For each Bioconductor class, we aim to provide the same user experience in Python. In most cases, this is done by just directly re-implementing the class and its associated methods in Python. Occasionally, the Bioconductor implementation has some historical baggage (e.g., the storage of rowData in a RangedSummarizedExperiment, MultiAssayExperiment harmonization); developers should use their own discretion to decide whether that really needs to be replicated in Python.

Use functional discipline

The existence of mutable types in Python means that it can be dangerous to modify complex objects. If a mutable object has a user-visible reference and is also a member of a larger Bioconductor object, a user-specified modification to that object may violate the constraints of the parent object.

To mitigate these issues, we enforce a functional programming discipline in all class methods. By default, all methods should avoid side effects that mutate the object. This simplifies reasoning around the effect of methods in large complex objects.

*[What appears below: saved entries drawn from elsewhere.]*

lemma gronwall_norm_sq_bounds:
  fixes X :: "real \<Rightarrow> 'a::real_inner"
  assumes "a \<le> b"
    and deriv: "\<And>x. x \<in> {a..b} \<Longrightarrow> (X has_vector_derivative D x) (at x within {a..b})"
    and growth: "\<And>x. x \<in> {a..b} \<Longrightarrow> norm (D x) \<le> K * norm (X x)"
  shows "norm (X b)^2 \<le> exp (2 * K * (b - a)) * norm (X a)^2"
    and "norm (X a)^2 \<le> exp (2 * K * (b - a)) * norm (X b)^2"
proof -
  \<comment> \<open>With \<open>\<sigma> = \<plusminus>1\<close>, \<open>\<sigma> |X x|\<^sup>2 exp (-2\<sigma>K(x-a))\<close> is nonincreasing; the two signs give the two directions of time.\<close>
  have weighted: "\<sigma> * (norm (X b)^2 * exp (- 2 * \<sigma> * K * (b - a))) \<le> \<sigma> * norm (X a)^2"
    if "\<bar>\<sigma>\<bar> = 1" for \<sigma>
  proof -
    define g where "g x = (X x \<bullet> X x) * exp (- 2 * \<sigma> * K * (x - a))" for x
    define g' where "g' x = 2 * (X x \<bullet> D x - \<sigma> * K * (X x \<bullet> X x)) * exp (- 2 * \<sigma> * K * (x - a))" for x
    have "(g has_derivative (*) (g' x)) (at x within {a..b})" if "a \<le> x" "x \<le> b" for x
    proof -
      have "((\<lambda>x. X x \<bullet> X x) has_real_derivative 2 * (X x \<bullet> D x)) (at x within {a..b})"
        using bounded_bilinear.has_vector_derivative[OF bounded_bilinear_inner deriv deriv] that
        by (simp add: has_real_derivative_iff_has_vector_derivative inner_commute)
      then have "(g has_real_derivative g' x) (at x within {a..b})"
        unfolding g_def g'_def by (auto intro!: derivative_eq_intros simp: algebra_simps)
      then show ?thesis by (simp add: has_field_derivative_def)
    qed
    from mvt_very_simple[OF \<open>a \<le> b\<close> this]
    obtain \<xi> where \<xi>: "\<xi> \<in> {a..b}" "g b - g a = g' \<xi> * (b - a)" by blast
    have "\<sigma> * (X \<xi> \<bullet> D \<xi>) \<le> norm (X \<xi>) * norm (D \<xi>)"
      using Cauchy_Schwarz_ineq2[of "X \<xi>" "D \<xi>"] that by (auto simp: abs_le_iff abs_if split: if_splits)
    also have "\<dots> \<le> K * (X \<xi> \<bullet> X \<xi>)"
      using mult_left_mono[OF growth[OF \<xi>(1)] norm_ge_zero[of "X \<xi>"]]
      by (simp add: power2_norm_eq_inner[symmetric] power2_eq_square mult_ac)
    finally have "\<sigma> * g' \<xi> \<le> 0"
      using that unfolding g'_def by (auto simp: abs_if mult_nonpos_nonneg split: if_splits)
    then have "\<sigma> * (g b - g a) \<le> 0"
      using \<xi>(2) \<open>a \<le> b\<close> by (simp add: mult_nonpos_nonneg mult.assoc[symmetric])
    then show ?thesis
      by (simp add: g_def power2_norm_eq_inner algebra_simps)
  qed
  show "norm (X b)^2 \<le> exp (2 * K * (b - a)) * norm (X a)^2"
    using mult_left_mono[OF weighted[of 1], of "exp (2 * K * (b - a))"]
    by (simp add: mult.left_commute[of _ "norm (X b)^2"] exp_minus_inverse)
  show "norm (X a)^2 \<le> exp (2 * K * (b - a)) * norm (X b)^2"
    using weighted[of "-1"] by (simp add: mult_ac)
qed

lemma linear_growth_solution_vanishes:
  fixes X :: "real \<Rightarrow> 'a::real_inner"
  assumes deriv: "\<And>x. x \<in> {a..b} \<Longrightarrow> (X has_vector_derivative D x) (at x within {a..b})"
    and growth: "\<And>x. x \<in> {a..b} \<Longrightarrow> norm (D x) \<le> K * norm (X x)"
    and s: "s \<in> {a..b}" and "X s = 0" and r: "r \<in> {a..b}"
  shows "X r = 0"
proof -
  let ?I = "{min r s..max r s}"
  have "?I \<subseteq> {a..b}" using r s by auto
  then have "(X has_vector_derivative D x) (at x within ?I)" "norm (D x) \<le> K * norm (X x)"
    if "x \<in> ?I" for x
    using that deriv growth by (blast intro: has_vector_derivative_within_subset)+
  from gronwall_norm_sq_bounds[of "min r s" "max r s", OF _ this]
  have "norm (X r)^2 \<le> exp (2 * K * (max r s - min r s)) * norm (X s)^2"
    by (cases "s \<le> r") (auto simp: max_def min_def)
  then show ?thesis using \<open>X s = 0\<close> by simp
qed

lemma bounded_bilinear_matrix_matrix_mult:
  "bounded_bilinear (\<lambda>(A::real^'n^'m) (B::real^'k^'n). A ** B)"
  unfolding bilinear_conv_bounded_bilinear[symmetric] bilinear_def linear_iff
  by (simp add: vec_eq_iff matrix_matrix_mult_def sum.distrib sum_distrib_left algebra_simps)

lemma bounded_linear_transpose: "bounded_linear (transpose :: real^'n^'m \<Rightarrow> real^'m^'n)"
  unfolding linear_conv_bounded_linear[symmetric] linear_iff
  by (simp add: transpose_def vec_eq_iff)

lemma matrix_linear_ode_solution_vanishes:
  fixes A :: "real \<Rightarrow> real^'n^'n" and B :: "real \<Rightarrow> real^'m^'m" and X :: "real \<Rightarrow> real^'m^'n"
  assumes contA: "continuous_on {a..b} A" and contB: "continuous_on {a..b} B"
    and deriv: "\<And>x. x \<in> {a..b} \<Longrightarrow>
        (X has_vector_derivative A x ** X x + X x ** B x) (at x within {a..b})"
    and s: "s \<in> {a..b}" and "X s = 0" and r: "r \<in> {a..b}"
  shows "X r = 0"
proof -
  obtain K L where "K > 0" "L > 0"
    and K: "\<And>(P::real^'n^'n) (Y::real^'m^'n). norm (P ** Y) \<le> norm P * norm Y * K"
    and L: "\<And>(Y::real^'m^'n) (Q::real^'m^'m). norm (Y ** Q) \<le> norm Y * norm Q * L"
    using bounded_bilinear.pos_bounded[OF bounded_bilinear_matrix_matrix_mult] by metis
  obtain MA MB where MA: "\<And>x. x \<in> {a..b} \<Longrightarrow> norm (A x) \<le> MA"
    and MB: "\<And>x. x \<in> {a..b} \<Longrightarrow> norm (B x) \<le> MB"
    using compact_imp_bounded[OF compact_continuous_image[OF contA compact_Icc]]
      compact_imp_bounded[OF compact_continuous_image[OF contB compact_Icc]]
    unfolding bounded_iff by (metis imageI)
  have growth: "norm (A x ** X x + X x ** B x) \<le> (MA * K + MB * L) * norm (X x)" if "x \<in> {a..b}" for x
  proof -
    have "norm (A x ** X x + X x ** B x) \<le> norm (A x) * norm (X x) * K + norm (X x) * norm (B x) * L"
      using norm_triangle_le[OF add_mono[OF K L]] .
    also have "\<dots> \<le> MA * norm (X x) * K + norm (X x) * MB * L"
      using MA[OF that] MB[OF that] \<open>K > 0\<close> \<open>L > 0\<close>
      by (intro add_mono mult_right_mono mult_left_mono) auto
    finally show ?thesis by (simp add: algebra_simps)
  qed
  from linear_growth_solution_vanishes[OF deriv growth s \<open>X s = 0\<close> r] show ?thesis .
qed

lemma transition_matrix_cocycle:
  fixes F :: "real \<Rightarrow> real^'n^'n" and Psi :: "real \<Rightarrow> real \<Rightarrow> real^'n^'n"
  assumes contF: "continuous_on {a..b} F"
    and Psi_deriv: "\<And>s t. s \<in> {a..b} \<Longrightarrow> t \<in> {a..b} \<Longrightarrow>
        ((\<lambda>r. Psi r s) has_vector_derivative (F t ** Psi t s)) (at t within {a..b})"
    and Psi_init: "\<And>s. s \<in> {a..b} \<Longrightarrow> Psi s s = mat 1"
    and r: "r \<in> {a..b}" and s: "s \<in> {a..b}" and t: "t \<in> {a..b}"
  shows "Psi t r = Psi t s ** Psi s r"
proof -
  let ?Y = "\<lambda>x. Psi x r - Psi x s ** Psi s r"
  \<comment> \<open>\<open>?Y' = F ?Y\<close>, written in the shape \<open>X' = A X + X B\<close> with \<open>B = 0\<close>\<close>
  have "(?Y has_vector_derivative F x ** ?Y x + ?Y x ** 0) (at x within {a..b})"
    if x: "x \<in> {a..b}" for x
  proof -
    have "((\<lambda>x. Psi x s ** Psi s r) has_vector_derivative (F x ** Psi x s) ** Psi s r) (at x within {a..b})"
      using bounded_linear.has_vector_derivative[OF
          bounded_bilinear.bounded_linear_left[OF bounded_bilinear_matrix_matrix_mult] Psi_deriv[OF s x]] .
    from has_vector_derivative_diff[OF Psi_deriv[OF r x] this] show ?thesis
      by (simp add: bounded_bilinear.diff_right[OF bounded_bilinear_matrix_matrix_mult] matrix_mul_assoc)
  qed
  moreover have "?Y s = 0" by (simp add: Psi_init[OF s])
  ultimately have "?Y t = 0"
    using matrix_linear_ode_solution_vanishes[OF contF continuous_on_const] s t by blast
  then show ?thesis by simp
qed

lemma lyapunov_solution_symmetric:
  fixes F Q Sigma :: "real \<Rightarrow> real^'n^'n"
  assumes contF: "continuous_on {a..b} F"
    and Q_sym: "\<And>x. x \<in> {a..b} \<Longrightarrow> transpose (Q x) = Q x"
    and Sigma_deriv: "\<And>x. x \<in> {a..b} \<Longrightarrow>
        (Sigma has_vector_derivative F x ** Sigma x + Sigma x ** transpose (F x) + Q x) (at x within {a..b})"
    and s: "s \<in> {a..b}" and Sigma_s_sym: "transpose (Sigma s) = Sigma s" and r: "r \<in> {a..b}"
  shows "transpose (Sigma r) = Sigma r"
proof -
  let ?Z = "\<lambda>x. Sigma x - transpose (Sigma x)"
  have contFT: "continuous_on {a..b} (\<lambda>x. transpose (F x))"
    using bounded_linear.continuous_on[OF bounded_linear_transpose contF] .
  have Z_deriv: "(?Z has_vector_derivative F x ** ?Z x + ?Z x ** transpose (F x)) (at x within {a..b})"
    if x: "x \<in> {a..b}" for x
    using has_vector_derivative_diff[OF Sigma_deriv[OF x]
        bounded_linear.has_vector_derivative[OF bounded_linear_transpose Sigma_deriv[OF x]]]
    by (simp add: bounded_bilinear.diff_left[OF bounded_bilinear_matrix_matrix_mult]
        bounded_bilinear.diff_right[OF bounded_bilinear_matrix_matrix_mult]
        linear_add[OF bounded_linear.linear[OF bounded_linear_transpose]]
        matrix_transpose_mul Q_sym[OF x] algebra_simps)
  have "?Z s = 0" using Sigma_s_sym by simp
  from matrix_linear_ode_solution_vanishes[OF contF contFT Z_deriv s this r]
  have "?Z r = 0" .
  then show ?thesis by simp
qed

The most obvious application of this philosophy is in setter methods. Rather than mutating the object directly, they should return a new copy of the object with the desired modification. The "depth" of the copy depends on the nature of the field being set; the aim should be to avoid any modification of the contents in self. Implementations may offer an in_place= option to apply the modification to the original object, but this should be False by default.

To avoid performance issues, getter methods may return mutable objects without copying This assumes that their return values are read-only and will not be directly mutated. (Setter methods that operate via a copy are allowed.) In some cases; the return value of a getter method may be directly mutated, e.g., because a copy was already created in the getter; this should be clearly stated in the documentation but should not be treated as the default.

Property based accessors and setters

Direct access to class members (via properties or @property) should generally be avoided, as it is too easy to perform modifications via one liners with the class.property on the left-hand-side of an assignment.

The default assumption is property based setters will mutate the object in-place.

Code Quality

A number of changes with environment isolation, linter, sphinx configuration and publishing to PyPI is included when new packages are created using BiocSetup. If you prefer to manually configure these settings, check out the V1 of this README here.

Type hints

As the term suggests, these are "hints", only used to enhance the developer experience; they should not dictate how we write our code. For this reason, we prefer simple types in these hints, usually corresponding to base Python types with minimal nesting. For example, if a function is expected to operate on any arbitrary list, the basic list type hint should suffice.

def find_element(arr: list, query: int)
    pass

If your function expects a list of strings,

from typing import List

def find_element(arr: List[str], query: str):
    pass

If your function accepts multiple types as inputs,

from typing import Union

def find_element(arr: List[str], query: Union[int, str, slice]):
    pass

There is no need to waste time constructing the most perfectly descriptive type for your arguments or return values; just use a simple hint with minimal nesting and put the details in the docstring instead. This reddit post perfectly sums up some of these ideas.

Have fun!

Your contributions and packages are valuable to BiocPy, and we hope this guide helps set guidelines and standards. Thank you for being a part of our developer community and more importantly have fun!